- AIM OF THE EXERCISE:
Within this material, how many lines have the string "moreover" in them? The answer is a number, with nothing added.

++++

subsection \<open>Sufficient decrease\<close>

lemma gksm_surrogate_gap:
  assumes iter: "gksm A y gf C K \<alpha> B x V" and "convex C" and k: "1 \<le> k"
  shows "(1/2) * (norm (A *v (x (k+1) - x k)))\<^sup>2
           + (1 / (2 * \<alpha> k)) * inner (x (k+1) - x k) (B k *v (x (k+1) - x k))
         \<le> Fbar A y gf (\<alpha> k) (B k) (x k) (x k) - Fbar A y gf (\<alpha> k) (B k) (x k) (x (k+1))"
proof (rule quadratic_segment_minimum_gap[where G = "Fbar A y gf (\<alpha> k) (B k) (x k)"])
  fix t :: real
  assume t: "0 < t" "t \<le> 1"
  obtain \<beta> where \<beta>: "x (k+1) = colsmul (V k) \<beta>"
    using iter k unfolding gksm_def by blast
  obtain \<gamma> where \<gamma>: "x k = colsmul (V k) \<gamma>"
    using gksm_iterate_in_span[OF iter k] by blast
  have "(1 - t) *\<^sub>R x (k+1) + t *\<^sub>R x k \<in> C"
    using convexD[OF \<open>convex C\<close> gksm_iterate_mem[OF iter, of "k+1"] gksm_iterate_mem[OF iter k]]
      t by simp
  moreover have "(1 - t) *\<^sub>R x (k+1) + t *\<^sub>R x k
      = colsmul (V k) (\<lambda>j. complex_of_real (1 - t) * \<beta> j + complex_of_real t * \<gamma> j)"
    using \<beta> \<gamma> colsmul_convex_comb by metis
  ultimately show "Fbar A y gf (\<alpha> k) (B k) (x k) (x (k+1))
      \<le> Fbar A y gf (\<alpha> k) (B k) (x k) ((1 - t) *\<^sub>R x (k+1) + t *\<^sub>R x k)"
    using iter k unfolding gksm_def by metis
qed (rule Fbar_convex_comb)

lemma gksm_sufficient_decrease:
  fixes f :: "complex ^ 'n::finite \<Rightarrow> real"
  assumes iter: "gksm A y gf C K \<alpha> B x V" and "convex C" and k: "1 \<le> k"
    and grad: "\<And>z. (f has_derivative (\<lambda>h. inner (gf z) h)) (at z)"
    and lip: "\<And>z1 z2. norm (gf z1 - gf z2) \<le> L * norm (z1 - z2)"
    and \<alpha>_pos: "0 < \<alpha> k"
    and B_lower: "\<And>z. \<eta> * (norm z)\<^sup>2 \<le> Re (cinner z (B k *v z))"
  shows "hfun A y (x (k+1)) + f (x (k+1)) + (\<eta> / \<alpha> k - L/2) * (norm (x (k+1) - x k))\<^sup>2
         \<le> hfun A y (x k) + f (x k)"
proof -
  define d where "d = x (k+1) - x k"
  have Bd: "\<eta> * (norm d)\<^sup>2 \<le> inner d (B k *v d)"
    using B_lower[of d] by simp
  define G where "G = Fbar A y gf (\<alpha> k) (B k) (x k)"
  have "G (x k) = hfun A y (x k) + inner (gf (x k)) (x k)"
    by (simp add: G_def Fbar_def)
  moreover have "G (x (k+1)) = hfun A y (x (k+1)) + inner (gf (x k)) (x (k+1))
      + (1 / (2 * \<alpha> k)) * inner d (B k *v d)"
    by (simp add: G_def Fbar_def d_def)
  moreover have "(1 / (2 * \<alpha> k)) * inner d (B k *v d) \<le> G (x k) - G (x (k+1))"
    using gksm_surrogate_gap[OF iter \<open>convex C\<close> k] zero_le_power2[of "norm (A *v d)"]
    unfolding G_def d_def by linarith
  moreover have "inner d (B k *v d) / \<alpha> k = 2 * ((1 / (2 * \<alpha> k)) * inner d (B k *v d))"
    by simp
  ultimately have "hfun A y (x (k+1)) + inner (gf (x k)) (x (k+1)) + inner d (B k *v d) / \<alpha> k
      \<le> hfun A y (x k) + inner (gf (x k)) (x k)"
    by linarith
  moreover have "\<eta> * (norm d)\<^sup>2 / \<alpha> k \<le> inner d (B k *v d) / \<alpha> k"
    using Bd \<alpha>_pos by (simp add: divide_right_mono)
  ultimately have "hfun A y (x (k+1)) + inner (gf (x k)) d + (\<eta> / \<alpha> k) * (norm d)\<^sup>2 \<le> hfun A y (x k)"
    unfolding d_def by (simp add: inner_diff_right)
  moreover have "f (x (k+1)) \<le> f (x k) + inner (gf (x k)) d + L/2 * (norm d)\<^sup>2"
    using Lipschitz_gradient_upper_bound[OF grad lip, of "x k" d] by (simp add: d_def)
  ultimately show ?thesis unfolding d_def[symmetric] by (simp add: algebra_simps)
qed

++++

- OUTPUT BELOW:
6